• [TASK OBJECTIVE]: From the records below, transcribe only the lines running from the one with "Directed nearest-neighbour bonds are" through the one with "type_synonym 'd bond". Keep both of those end lines.

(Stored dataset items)
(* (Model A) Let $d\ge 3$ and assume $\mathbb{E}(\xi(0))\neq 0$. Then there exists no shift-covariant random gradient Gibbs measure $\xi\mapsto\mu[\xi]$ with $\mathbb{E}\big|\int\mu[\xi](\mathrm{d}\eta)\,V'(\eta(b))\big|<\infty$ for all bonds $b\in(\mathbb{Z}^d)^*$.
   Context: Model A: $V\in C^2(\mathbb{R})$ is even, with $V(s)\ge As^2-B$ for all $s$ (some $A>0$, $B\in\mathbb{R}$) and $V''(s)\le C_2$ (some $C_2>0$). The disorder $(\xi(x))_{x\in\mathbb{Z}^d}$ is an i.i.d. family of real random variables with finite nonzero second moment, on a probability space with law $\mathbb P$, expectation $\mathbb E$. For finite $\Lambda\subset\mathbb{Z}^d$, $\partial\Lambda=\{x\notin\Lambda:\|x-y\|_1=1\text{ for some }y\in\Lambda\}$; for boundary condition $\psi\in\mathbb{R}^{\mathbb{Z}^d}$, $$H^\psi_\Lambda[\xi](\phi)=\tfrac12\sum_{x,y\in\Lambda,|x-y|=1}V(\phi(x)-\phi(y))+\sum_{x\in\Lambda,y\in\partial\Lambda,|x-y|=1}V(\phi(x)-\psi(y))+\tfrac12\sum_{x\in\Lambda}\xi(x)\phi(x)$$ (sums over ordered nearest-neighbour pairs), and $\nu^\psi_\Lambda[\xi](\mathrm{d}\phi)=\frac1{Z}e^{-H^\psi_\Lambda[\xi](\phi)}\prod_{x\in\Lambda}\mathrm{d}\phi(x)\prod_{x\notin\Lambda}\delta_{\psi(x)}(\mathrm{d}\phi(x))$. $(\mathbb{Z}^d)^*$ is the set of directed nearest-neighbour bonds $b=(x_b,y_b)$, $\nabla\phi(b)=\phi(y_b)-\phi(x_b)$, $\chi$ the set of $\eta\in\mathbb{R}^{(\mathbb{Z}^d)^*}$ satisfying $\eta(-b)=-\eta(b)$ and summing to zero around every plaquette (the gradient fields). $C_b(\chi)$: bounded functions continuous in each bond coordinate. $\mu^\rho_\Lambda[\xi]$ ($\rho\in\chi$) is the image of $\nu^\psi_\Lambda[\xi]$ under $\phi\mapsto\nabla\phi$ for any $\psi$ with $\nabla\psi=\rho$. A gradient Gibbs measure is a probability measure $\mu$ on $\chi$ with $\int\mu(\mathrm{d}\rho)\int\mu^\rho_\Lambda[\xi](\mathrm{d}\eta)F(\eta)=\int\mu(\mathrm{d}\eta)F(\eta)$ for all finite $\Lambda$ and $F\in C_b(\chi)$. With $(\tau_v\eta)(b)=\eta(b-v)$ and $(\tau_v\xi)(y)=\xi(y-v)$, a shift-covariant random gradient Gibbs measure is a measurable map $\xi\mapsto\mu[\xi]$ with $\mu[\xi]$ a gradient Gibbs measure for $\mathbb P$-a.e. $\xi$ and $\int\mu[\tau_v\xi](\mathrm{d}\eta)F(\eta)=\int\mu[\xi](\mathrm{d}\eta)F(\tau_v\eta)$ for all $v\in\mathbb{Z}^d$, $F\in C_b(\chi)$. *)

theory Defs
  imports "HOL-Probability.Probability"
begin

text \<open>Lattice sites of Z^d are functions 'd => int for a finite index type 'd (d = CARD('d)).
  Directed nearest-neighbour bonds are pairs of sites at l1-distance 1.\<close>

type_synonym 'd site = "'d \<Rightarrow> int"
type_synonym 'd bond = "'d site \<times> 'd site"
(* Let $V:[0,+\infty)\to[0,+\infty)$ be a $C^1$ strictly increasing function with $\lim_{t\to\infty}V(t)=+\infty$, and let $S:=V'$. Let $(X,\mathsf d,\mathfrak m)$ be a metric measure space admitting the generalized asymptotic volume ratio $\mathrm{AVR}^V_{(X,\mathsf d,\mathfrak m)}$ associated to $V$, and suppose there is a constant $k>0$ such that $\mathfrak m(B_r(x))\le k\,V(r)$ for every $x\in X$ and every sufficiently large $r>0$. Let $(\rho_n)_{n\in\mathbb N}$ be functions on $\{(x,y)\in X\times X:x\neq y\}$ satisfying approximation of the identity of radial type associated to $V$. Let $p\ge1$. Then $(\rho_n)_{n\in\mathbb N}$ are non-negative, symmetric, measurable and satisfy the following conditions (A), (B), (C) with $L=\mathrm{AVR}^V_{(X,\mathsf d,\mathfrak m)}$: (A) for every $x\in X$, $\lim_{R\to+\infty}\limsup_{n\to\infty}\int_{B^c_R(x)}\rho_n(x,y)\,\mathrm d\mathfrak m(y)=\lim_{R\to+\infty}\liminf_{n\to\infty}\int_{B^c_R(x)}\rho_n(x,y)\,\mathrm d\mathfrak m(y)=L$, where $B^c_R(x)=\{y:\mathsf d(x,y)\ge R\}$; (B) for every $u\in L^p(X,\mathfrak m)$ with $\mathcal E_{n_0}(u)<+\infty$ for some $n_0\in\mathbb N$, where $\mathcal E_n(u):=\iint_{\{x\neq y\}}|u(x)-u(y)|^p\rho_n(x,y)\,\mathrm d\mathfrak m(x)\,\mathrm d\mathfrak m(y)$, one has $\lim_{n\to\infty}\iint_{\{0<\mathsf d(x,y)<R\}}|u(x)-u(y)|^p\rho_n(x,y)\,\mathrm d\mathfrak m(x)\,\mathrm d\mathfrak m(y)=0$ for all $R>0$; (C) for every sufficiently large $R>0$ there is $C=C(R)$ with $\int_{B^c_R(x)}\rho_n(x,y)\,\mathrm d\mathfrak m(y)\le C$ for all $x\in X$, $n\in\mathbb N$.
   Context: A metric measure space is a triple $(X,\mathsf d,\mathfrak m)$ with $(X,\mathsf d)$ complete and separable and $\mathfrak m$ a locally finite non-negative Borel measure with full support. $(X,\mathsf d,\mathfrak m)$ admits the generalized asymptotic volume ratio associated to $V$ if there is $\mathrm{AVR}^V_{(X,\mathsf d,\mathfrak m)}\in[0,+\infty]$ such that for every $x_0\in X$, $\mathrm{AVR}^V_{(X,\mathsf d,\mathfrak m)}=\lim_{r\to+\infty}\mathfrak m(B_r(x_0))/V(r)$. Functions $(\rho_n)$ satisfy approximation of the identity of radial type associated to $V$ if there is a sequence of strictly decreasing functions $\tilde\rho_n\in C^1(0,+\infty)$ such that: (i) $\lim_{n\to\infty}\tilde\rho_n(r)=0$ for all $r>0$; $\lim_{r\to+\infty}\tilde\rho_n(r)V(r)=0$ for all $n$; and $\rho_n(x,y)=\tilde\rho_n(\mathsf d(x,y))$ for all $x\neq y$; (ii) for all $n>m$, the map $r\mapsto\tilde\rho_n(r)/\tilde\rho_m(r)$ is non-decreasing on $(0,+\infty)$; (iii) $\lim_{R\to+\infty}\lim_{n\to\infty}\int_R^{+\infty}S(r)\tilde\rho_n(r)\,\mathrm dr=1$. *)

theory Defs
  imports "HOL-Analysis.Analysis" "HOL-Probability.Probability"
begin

• [SOLUTION TO THE PROBLEM]:
  Directed nearest-neighbour bonds are pairs of sites at l1-distance 1.\<close>

type_synonym 'd site = "'d \<Rightarrow> int"
type_synonym 'd bond = "'d site \<times> 'd site"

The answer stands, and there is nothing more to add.